The euro was pushed down yesterday predominantly by broader USD strength as the news flow focused on crunching the numbers from Mario Draghi’s tenure as ECB President. While inflation remains lacklustre and forced him into pushing for a last-ditch attempt to boost price pressures with the resumption of QE in September, employment growth is a much more positive story. The Eurozone economy has added almost 10m jobs since Draghi’s term began in 2011. The data calendar for the euro is light today ahead of tomorrow’s PMI releases and ECB rate decision. This morning, the Financial Times Trade Secrets newsletter breaks an exclusive interview with US Trade Secretary Wilbur Ross. Ross stated that the Trump administration could choose “some other form of negotiation” as a path to avoid automotive tariffs on the EU next month. The Trump administration has yet to pull the trigger on car tariffs thus far, with Republican allies posing strong resistance to this measure. This will be a key source of stress for the single currency, and negative developments will undoubtedly weigh on EURUSD.
The US dollar broadly strengthened yesterday, losing out to only the Kiwi and Canadian dollar, as markets risk-on sentiment began to fade under the Brexit breakdown and no positive US-China headlines. The greenback has carried on in the same vein this morning. The data calendar is empty for the US today, but investors will be wise to keep a close eye on Donald Trump’s twitter account after he initially deemed the deal as good news. There’s still a bit of discrepancy in the market when it comes to pricing geopolitical risk with little in the way of US-China trade news.
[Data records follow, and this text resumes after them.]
theorem lemma2:
  fixes P Q P' Q' :: "real^3^3" and pts :: "'n::finite \<Rightarrow> real \<times> real"
  assumes symP: "transpose P = P" and symQ: "transpose Q = Q"
    and symP': "transpose P' = P'" and symQ': "transpose Q' = Q'"
    and rank: "rank (V_Omega pts) = 15"
    and denQ: "\<forall>i. qform Q (xbar (fst (pts i)) (snd (pts i))) \<noteq> 0"
    and denQ': "\<forall>i. qform Q' (xbar (fst (pts i)) (snd (pts i))) \<noteq> 0"
    and eq: "\<forall>i. qform P (xbar (fst (pts i)) (snd (pts i))) / qform Q (xbar (fst (pts i)) (snd (pts i)))
                = qform P' (xbar (fst (pts i)) (snd (pts i))) / qform Q' (xbar (fst (pts i)) (snd (pts i)))"
    and cases:
      "(Q$1$1 \<noteq> 0 \<and> Q$2$2 \<noteq> 0 \<and> Q$3$3 \<noteq> 0 \<and>
        4 * (P$1$1 * Q$1$2 - P$1$2 * Q$1$1) * (P$2$2 * Q$1$2 - P$1$2 * Q$2$2)
          + (P$1$1 * Q$2$2 - P$2$2 * Q$1$1)^2 \<noteq> 0 \<and>
        4 * (P$1$1 * Q$1$3 - P$1$3 * Q$1$1) * (P$3$3 * Q$1$3 - P$1$3 * Q$3$3)
          + (P$1$1 * Q$3$3 - P$3$3 * Q$1$1)^2 \<noteq> 0 \<and>
        4 * (P$2$2 * Q$2$3 - P$2$3 * Q$2$2) * (P$3$3 * Q$2$3 - P$2$3 * Q$3$3)
          + (P$2$2 * Q$3$3 - P$3$3 * Q$2$2)^2 \<noteq> 0)
      \<or>
       ((\<forall>j\<in>{1,2,3::3}. P$j$2 = 0 \<and> P$2$j = 0 \<and> Q$j$2 = 0 \<and> Q$2$j = 0 \<and>
                      P'$j$2 = 0 \<and> P'$2$j = 0 \<and> Q'$j$2 = 0 \<and> Q'$2$j = 0) \<and>
        Q$1$1 \<noteq> 0 \<and> Q$3$3 \<noteq> 0 \<and>
        4 * (P$1$1 * Q$1$3 - P$1$3 * Q$1$1) * (P$3$3 * Q$1$3 - P$1$3 * Q$3$3)
          + (P$1$1 * Q$3$3 - P$3$3 * Q$1$1)^2 \<noteq> 0)"
  shows "\<exists>t::real. t \<noteq> 0 \<and> P = t *\<^sub>R P' \<and> Q = t *\<^sub>R Q'"
proof -
  note sym = symP symQ symP' symQ'
  have cross: "\<forall>pq\<in>quartic_exps. cross_coeff P Q P' Q' pq = 0"
    using cross_coeff_eq_0[OF rank denQ denQ' eq] .
  obtain s where P': "P' = s *\<^sub>R P" and Q': "Q' = s *\<^sub>R Q"
    using cases proportional_if_three_blocks[OF sym cross] proportional_if_outer_block[OF sym cross]
    unfolding quadratic_form_resultant_def by (auto simp: forall_3)
  have "s \<noteq> 0"
  proof
    assume "s = 0"
    then show False using denQ' by (simp add: Q' qform_def)
  qed
  then show ?thesis
    using P' Q' by (intro exI[of _ "1/s"]) simp
qed
(* Let $n$ be a nonnegative integer and let $a,b,c\in\mathbb{C}$ be such that all hypergeometric series and quotients below are defined (no lower parameter is zero or a negative integer). Then \[ {}_4F_3\!\left(\left.{-n,\frac{a}{2},\frac{a+1}{2},b \atop a,1+a-c,c}\right| 4\right) =\frac{(-1)^n(b)_n}{(1+a-c)_n}\, {}_4F_3\!\left(\left.{-n,\frac{c-b-n}{2},\frac{c-b-n+1}{2},c-a-n \atop c-b-n,1-b-n,c}\right| 4\right). \]
   Context: For $a\in\mathbb{C}$, $(a)_0=1$ and $(a)_k=a(a+1)\cdots(a+k-1)$ for $k\ge1$. The hypergeometric series is ${}_rF_s\!\left(\left.{\alpha_1,\ldots,\alpha_r\atop \beta_1,\ldots,\beta_s}\right|z\right)=\sum_{k\ge0}\frac{(\alpha_1)_k\cdots(\alpha_r)_k}{k!(\beta_1)_k\cdots(\beta_s)_k}z^k$, with no lower parameter zero or a negative integer; when an upper parameter is $-n$ ($n$ a nonnegative integer) it is a finite sum over $0\le k\le n$. *)

theory Defs
  imports Complex_Main
begin

text \<open>Terminating hypergeometric series whose first upper parameter is \<open>-n\<close>:
  upper parameters \<open>-n, as\<close>, lower parameters \<open>bs\<close>, argument \<open>z\<close>;
  it is the finite sum over \<open>0 \<le> k \<le> n\<close> (all further terms vanish since \<open>(-n)_k = 0\<close> for \<open>k > n\<close>).\<close>
definition hypergeom_term :: "nat \<Rightarrow> complex list \<Rightarrow> complex list \<Rightarrow> complex \<Rightarrow> complex" where
  "hypergeom_term n as bs z =
     (\<Sum>k\<le>n. pochhammer (- of_nat n) k * prod_list (map (\<lambda>a. pochhammer a k) as)
              / (fact k * prod_list (map (\<lambda>b. pochhammer b k) bs)) * z ^ k)"

definition not_nonpos_int :: "complex \<Rightarrow> bool" where
  "not_nonpos_int x \<longleftrightarrow> (\<forall>m::nat. x \<noteq> - of_nat m)"

end

theory Submission
  imports Defs "HOL-Computational_Algebra.Formal_Power_Series"
begin

text \<open>The duplication formula turns \<open>(a/2)\<^sub>k ((a+1)/2)\<^sub>k 4\<^sup>k / (a)\<^sub>k\<close> into \<open>(a+k)\<^sub>k\<close>,
  and Chu--Vandermonde writes \<open>(a+k)\<^sub>k / (c)\<^sub>k\<close> as a terminating \<open>\<^sub>2F\<^sub>1\<close> at \<open>1\<close>.
  Interchanging the two finite sums and applying Chu--Vandermonde once more to the
  inner sum leaves the single sum \<open>S(b, x, c) = vandermonde_reduced_sum n b x c\<close>
  with \<open>x = 1 + a - c\<close>. Reversing the Pochhammer symbols termwise shows that \<open>S\<close>
  changes only by the factor \<open>(-1)\<^sup>n (b)\<^sub>n / (x)\<^sub>n\<close> under
  \<open>(b, x) \<mapsto> (1 - x - n, 1 - b - n)\<close>, and this is exactly the change
  of parameters relating the two \<open>\<^sub>4F\<^sub>3\<close> series.\<close>

lemma pochhammer_reflect_mult:
  fixes x :: "'a::comm_ring_1"
  assumes "j \<le> k"
  shows "pochhammer (1 - x - of_nat k) j * pochhammer x (k - j) = (-1) ^ j * pochhammer x k"
proof -
  have "pochhammer (1 - x - of_nat k) j = (-1) ^ j * pochhammer (x + of_nat (k - j)) j"
    using pochhammer_minus[of "x + of_nat k - 1" j] assms by (simp add: of_nat_diff algebra_simps)
  moreover have "pochhammer x k = pochhammer x (k - j) * pochhammer (x + of_nat (k - j)) j"
    using pochhammer_product'[of x "k - j" j] assms by simp
  ultimately show ?thesis by (simp add: mult_ac)
qed

lemma pochhammer_neg_of_nat_mult_fact:
  assumes "j \<le> k"
  shows "pochhammer (- of_nat k :: 'a::{comm_ring_1,semiring_char_0}) j * fact (k - j) = (-1) ^ j * fact k"
  using pochhammer_reflect_mult[OF assms, of 1] by (simp add: pochhammer_fact)

lemma pochhammer_half_mult_pochhammer_half_plus:
  fixes a :: "'a::field_char_0"
  shows "pochhammer (a / 2) k * pochhammer ((a + 1) / 2) k * 4 ^ k
       = pochhammer a k * pochhammer (a + of_nat k) k"
proof -
  have "pochhammer a (2 * k) = of_nat (2 ^ (2 * k)) * pochhammer (a / 2) k * pochhammer (a / 2 + 1 / 2) k"
    using pochhammer_double[of "a / 2" k] by simp
  moreover have "pochhammer a (2 * k) = pochhammer a k * pochhammer (a + of_nat k) k"
    using pochhammer_product'[of a k k] by (simp add: mult_2)
  moreover have "(of_nat (2 ^ (2 * k)) :: 'a) = 4 ^ k"
    by (simp add: power_mult)
  moreover have "a / 2 + 1 / 2 = (a + 1) / 2"
    by (simp add: add_divide_distrib)
  ultimately show ?thesis by (simp add: mult_ac)
qed

lemma sum_triangle_swap:
  fixes f :: "nat \<Rightarrow> nat \<Rightarrow> 'a::comm_monoid_add"
  shows "(\<Sum>k\<le>n. \<Sum>j\<le>k. f j (k - j)) = (\<Sum>j\<le>n. \<Sum>m\<le>n - j. f j m)"
proof -
  have "(\<Sum>k\<le>n. \<Sum>j\<le>k. f j (k - j)) = (\<Sum>(j, m)\<in>{(j, m). j + m \<le> n}. f j m)"
    by (rule sum.triangle_reindex_eq[symmetric])
  also have "{(j, m). j + m \<le> n} = Sigma {..n} (\<lambda>j. {..n - j})"
    by auto
  finally show ?thesis
    by (simp add: sum.Sigma)
qed

lemma chu_vandermonde:
  fixes a c :: "'a::field_char_0"
  assumes "pochhammer c k \<noteq> 0"
  shows "(\<Sum>j\<le>k. pochhammer a j * pochhammer (- of_nat k) j / (fact j * pochhammer c j))
       = pochhammer (c - a) k / pochhammer c k"
  using Vandermonde_pochhammer[of k c a] assms
  by (simp add: atLeast0AtMost pochhammer_eq_0_iff)

lemma pochhammer_reflect_neg_of_nat_div:
  fixes x :: "'a::field_char_0"
  assumes "j \<le> k" and "pochhammer x k \<noteq> 0"
  shows "pochhammer (1 - x - of_nat k) j * pochhammer (- of_nat k) j / (fact k * pochhammer x k)
       = 1 / (fact (k - j) * pochhammer x (k - j))"
proof -
  have "pochhammer x (k - j) \<noteq> 0"
    using assms pochhammer_eq_0_mono[of x "k - j" k] by auto
  then have "pochhammer (1 - x - of_nat k) j * pochhammer (- of_nat k) j / (fact k * pochhammer x k)
      = (pochhammer (1 - x - of_nat k) j * pochhammer x (k - j)) * (pochhammer (- of_nat k) j * fact (k - j))
        / (fact k * pochhammer x k) / (fact (k - j) * pochhammer x (k - j))"
    by (simp add: field_simps)
  also have "\<dots> = ((-1) ^ j * (-1) ^ j) / (fact (k - j) * pochhammer x (k - j))"
    using assms by (simp add: pochhammer_reflect_mult pochhammer_neg_of_nat_mult_fact)
  also have "((-1) ^ j * (-1) ^ j :: 'a) = 1"
    by (simp flip: power_mult_distrib)
  finally show ?thesis .
qed

lemma pochhammer_quotient_reflect:
  fixes b x :: "'a::field_char_0"
  assumes "j \<le> n" and "pochhammer x n \<noteq> 0" and "pochhammer (1 - b - of_nat n) n \<noteq> 0"
  shows "pochhammer b j / pochhammer x (n - j)
       = (-1) ^ n * pochhammer b n / pochhammer x n
         * (pochhammer (1 - x - of_nat n) j / pochhammer (1 - b - of_nat n) (n - j))"
proof -
  have sq: "((-1) ^ j * (-1) ^ j :: 'a) = 1"
    by (simp flip: power_mult_distrib)
  have x_n: "pochhammer x n = (-1) ^ j * (pochhammer (1 - x - of_nat n) j * pochhammer x (n - j))"
    using pochhammer_reflect_mult[OF assms(1), of x] sq by (simp add: mult.assoc[symmetric])
  have b_n: "(-1) ^ n * pochhammer b n
      = (-1) ^ j * (pochhammer (1 - b - of_nat n) (n - j) * pochhammer b j)"
    using pochhammer_reflect_mult[of "n - j" n b] assms(1)
    by (simp add: power_add[symmetric])
  have "pochhammer (1 - x - of_nat n) j \<noteq> 0" "pochhammer x (n - j) \<noteq> 0"
    using assms(2) x_n by auto
  moreover have "pochhammer (1 - b - of_nat n) (n - j) \<noteq> 0"
    using assms(3) pochhammer_eq_0_mono[of "1 - b - of_nat n" "n - j" n] by auto
  ultimately show ?thesis
    unfolding x_n b_n using sq by (simp add: field_simps)
qed

definition vandermonde_reduced_sum :: "nat \<Rightarrow> 'a \<Rightarrow> 'a \<Rightarrow> 'a \<Rightarrow> 'a::field_char_0" where
  "vandermonde_reduced_sum n b x c =
     (\<Sum>j\<le>n. pochhammer (- of_nat n) j * pochhammer b j * pochhammer (x - b - of_nat j) (n - j)
              / (fact j * pochhammer c j * pochhammer x (n - j)))"

lemma vandermonde_reduced_sum_reflect:
  fixes b x c :: "'a::field_char_0"
  assumes "pochhammer x n \<noteq> 0" and "pochhammer (1 - b - of_nat n) n \<noteq> 0"
  shows "vandermonde_reduced_sum n b x c
       = (-1) ^ n * pochhammer b n / pochhammer x n
         * vandermonde_reduced_sum n (1 - x - of_nat n) (1 - b - of_nat n) c"
  unfolding vandermonde_reduced_sum_def sum_distrib_left
proof (rule sum.cong[OF refl], goal_cases)
  case (1 j)
  then have j: "j \<le> n" by simp
  have shift: "1 - b - of_nat n - (1 - x - of_nat n) - of_nat j = x - b - of_nat j"
    by simp
  have "pochhammer (- of_nat n) j * pochhammer b j * pochhammer (x - b - of_nat j) (n - j)
        / (fact j * pochhammer c j * pochhammer x (n - j))
      = pochhammer (- of_nat n) j * pochhammer (x - b - of_nat j) (n - j) / (fact j * pochhammer c j)
        * (pochhammer b j / pochhammer x (n - j))"
    by simp
  also have "\<dots> = pochhammer (- of_nat n) j * pochhammer (x - b - of_nat j) (n - j) / (fact j * pochhammer c j)
        * ((-1) ^ n * pochhammer b n / pochhammer x n
           * (pochhammer (1 - x - of_nat n) j / pochhammer (1 - b - of_nat n) (n - j)))"
    by (simp only: pochhammer_quotient_reflect[OF j assms])
  finally show ?case
    unfolding shift by (simp add: mult_ac)
qed

lemma double_sum_eq_vandermonde_reduced_sum:
  fixes b x c :: "'a::field_char_0"
  assumes "pochhammer x n \<noteq> 0"
  shows "(\<Sum>j\<le>n. \<Sum>m\<le>n - j. pochhammer (- of_nat n) (j + m) * pochhammer b (j + m)
            / (fact j * pochhammer c j * (fact m * pochhammer x m)))
       = vandermonde_reduced_sum n b x c"
  unfolding vandermonde_reduced_sum_def
proof (rule sum.cong[OF refl], goal_cases)
  case (1 j)
  then have j: "j \<le> n" by simp
  have shift: "- of_nat n + of_nat j = (- of_nat (n - j) :: 'a)"
    using j by (simp add: of_nat_diff)
  have x_nz: "pochhammer x (n - j) \<noteq> 0"
    using assms pochhammer_eq_0_mono[of x "n - j" n] by auto
  have "(\<Sum>m\<le>n - j. pochhammer (- of_nat n) (j + m) * pochhammer b (j + m)
            / (fact j * pochhammer c j * (fact m * pochhammer x m)))
      = pochhammer (- of_nat n) j * pochhammer b j / (fact j * pochhammer c j)
        * (\<Sum>m\<le>n - j. pochhammer (b + of_nat j) m * pochhammer (- of_nat (n - j)) m
                           / (fact m * pochhammer x m))"
    unfolding pochhammer_product' shift sum_distrib_left by (simp add: field_simps)
  also have "\<dots> = pochhammer (- of_nat n) j * pochhammer b j / (fact j * pochhammer c j)
        * (pochhammer (x - (b + of_nat j)) (n - j) / pochhammer x (n - j))"
    by (simp only: chu_vandermonde[OF x_nz])
  finally show ?case
    by (simp add: algebra_simps)
qed

lemma pochhammer_nonzero_if_not_nonpos_int:
  "not_nonpos_int y \<Longrightarrow> pochhammer y k \<noteq> 0"
  unfolding not_nonpos_int_def pochhammer_eq_0_iff by auto

lemma hypergeom_quadratic_term_eq_sum:
  fixes a b c :: complex
  assumes "not_nonpos_int a" and "not_nonpos_int (1 + a - c)" and "not_nonpos_int c"
  shows "pochhammer (- of_nat n) k * prod_list (map (\<lambda>a. pochhammer a k) [a/2, (a+1)/2, b])
           / (fact k * prod_list (map (\<lambda>b. pochhammer b k) [a, 1 + a - c, c])) * 4 ^ k
       = (\<Sum>j\<le>k. pochhammer (- of_nat n) (j + (k - j)) * pochhammer b (j + (k - j))
           / (fact j * pochhammer c j * (fact (k - j) * pochhammer (1 + a - c) (k - j))))"
    (is "_ = (\<Sum>j\<le>k. ?term j)")
proof -
  define x where "x = 1 + a - c"
  have nz: "pochhammer a k \<noteq> 0" "pochhammer x k \<noteq> 0" "pochhammer c k \<noteq> 0"
    using assms pochhammer_nonzero_if_not_nonpos_int unfolding x_def by auto
  have shift: "c - (1 - x - of_nat k) = a + of_nat k"
    unfolding x_def by simp
  have vandermonde: "pochhammer (a + of_nat k) k / pochhammer c k
      = (\<Sum>j\<le>k. pochhammer (1 - x - of_nat k) j * pochhammer (- of_nat k) j / (fact j * pochhammer c j))"
    using chu_vandermonde[OF nz(3), of "1 - x - of_nat k"] unfolding shift by simp
  have "pochhammer (- of_nat n) k * prod_list (map (\<lambda>a. pochhammer a k) [a/2, (a+1)/2, b])
           / (fact k * prod_list (map (\<lambda>b. pochhammer b k) [a, x, c])) * 4 ^ k
      = pochhammer (- of_nat n) k * pochhammer b k / (fact k * pochhammer x k)
        * (pochhammer (a + of_nat k) k / pochhammer c k)"
    using nz pochhammer_half_mult_pochhammer_half_plus[of a k] by (simp add: field_simps)
  also have "\<dots> = (\<Sum>j\<le>k. pochhammer (- of_nat n) k * pochhammer b k / (fact j * pochhammer c j)
        * (pochhammer (1 - x - of_nat k) j * pochhammer (- of_nat k) j / (fact k * pochhammer x k)))"
    unfolding vandermonde sum_distrib_left by (simp add: field_simps)
  also have "\<dots> = (\<Sum>j\<le>k. ?term j)"
    unfolding x_def[symmetric]
    by (rule sum.cong) (simp_all add: pochhammer_reflect_neg_of_nat_div nz)
  finally show ?thesis
    unfolding x_def .
qed

lemma hypergeom_quadratic_eq_vandermonde_reduced_sum:
  fixes a b c :: complex
  assumes "not_nonpos_int a" and "not_nonpos_int (1 + a - c)" and "not_nonpos_int c"
  shows "hypergeom_term n [a/2, (a+1)/2, b] [a, 1 + a - c, c] 4
       = vandermonde_reduced_sum n b (1 + a - c) c"
proof -
  let ?g = "\<lambda>j m. pochhammer (- of_nat n) (j + m) * pochhammer b (j + m)
                   / (fact j * pochhammer c j * (fact m * pochhammer (1 + a - c) m))"
  have "hypergeom_term n [a/2, (a+1)/2, b] [a, 1 + a - c, c] 4 = (\<Sum>k\<le>n. \<Sum>j\<le>k. ?g j (k - j))"
    unfolding hypergeom_term_def by (simp only: hypergeom_quadratic_term_eq_sum[OF assms])
  also have "\<dots> = (\<Sum>j\<le>n. \<Sum>m\<le>n - j. ?g j m)"
    by (rule sum_triangle_swap)
  also have "\<dots> = vandermonde_reduced_sum n b (1 + a - c) c"
    using double_sum_eq_vandermonde_reduced_sum pochhammer_nonzero_if_not_nonpos_int[OF assms(2)]
    by blast
  finally show ?thesis .
qed

theorem proposition3p3:
  fixes n :: nat and a b c :: complex
  assumes "not_nonpos_int a" and "not_nonpos_int (1 + a - c)" and "not_nonpos_int c"
    and "not_nonpos_int (c - b - of_nat n)" and "not_nonpos_int (1 - b - of_nat n)"
  shows "hypergeom_term n [a/2, (a+1)/2, b] [a, 1 + a - c, c] 4
       = (-1) ^ n * pochhammer b n / pochhammer (1 + a - c) n
         * hypergeom_term n [(c - b - of_nat n)/2, (c - b - of_nat n + 1)/2, c - a - of_nat n]
                            [c - b - of_nat n, 1 - b - of_nat n, c] 4"
proof -
  have x_reflected: "1 + (c - b - of_nat n) - c = 1 - b - of_nat n"
    by simp
  have b_reflected: "1 - (1 + a - c) - of_nat n = c - a - of_nat n"
    by simp
  have "hypergeom_term n [a/2, (a+1)/2, b] [a, 1 + a - c, c] 4 = vandermonde_reduced_sum n b (1 + a - c) c"
    by (rule hypergeom_quadratic_eq_vandermonde_reduced_sum[OF assms(1-3)])
  also have "\<dots> = (-1) ^ n * pochhammer b n / pochhammer (1 + a - c) n
      * vandermonde_reduced_sum n (c - a - of_nat n) (1 - b - of_nat n) c"
    unfolding b_reflected[symmetric]
    by (rule vandermonde_reduced_sum_reflect)
      (use assms(2,5) pochhammer_nonzero_if_not_nonpos_int in auto)
  also have "vandermonde_reduced_sum n (c - a - of_nat n) (1 - b - of_nat n) c
      = hypergeom_term n [(c - b - of_nat n)/2, (c - b - of_nat n + 1)/2, c - a - of_nat n]
                         [c - b - of_nat n, 1 - b - of_nat n, c] 4"
    using hypergeom_quadratic_eq_vandermonde_reduced_sum[of "c - b - of_nat n" c n "c - a - of_nat n"]
      assms(3-5)
    unfolding x_reflected by simp
  finally show ?thesis .
qed

end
The loonie struggled to hold onto all of its post-election gains yesterday as the greenback went on a tear. Yesterday also saw the release of the Bank of Canada’s third-quarter business outlook survey. The report showed Canadian business sentiment marginally improve from 0.2 to 0.4 on healthy spending plans, while future sales optimism remained. The survey marked the last piece of communication from the Bank of Canada before their rate decision on October 30th and confirmed the healthiness of the economy that has led to markets pricing a rate cut by the BoC as infinitesimal at 4%.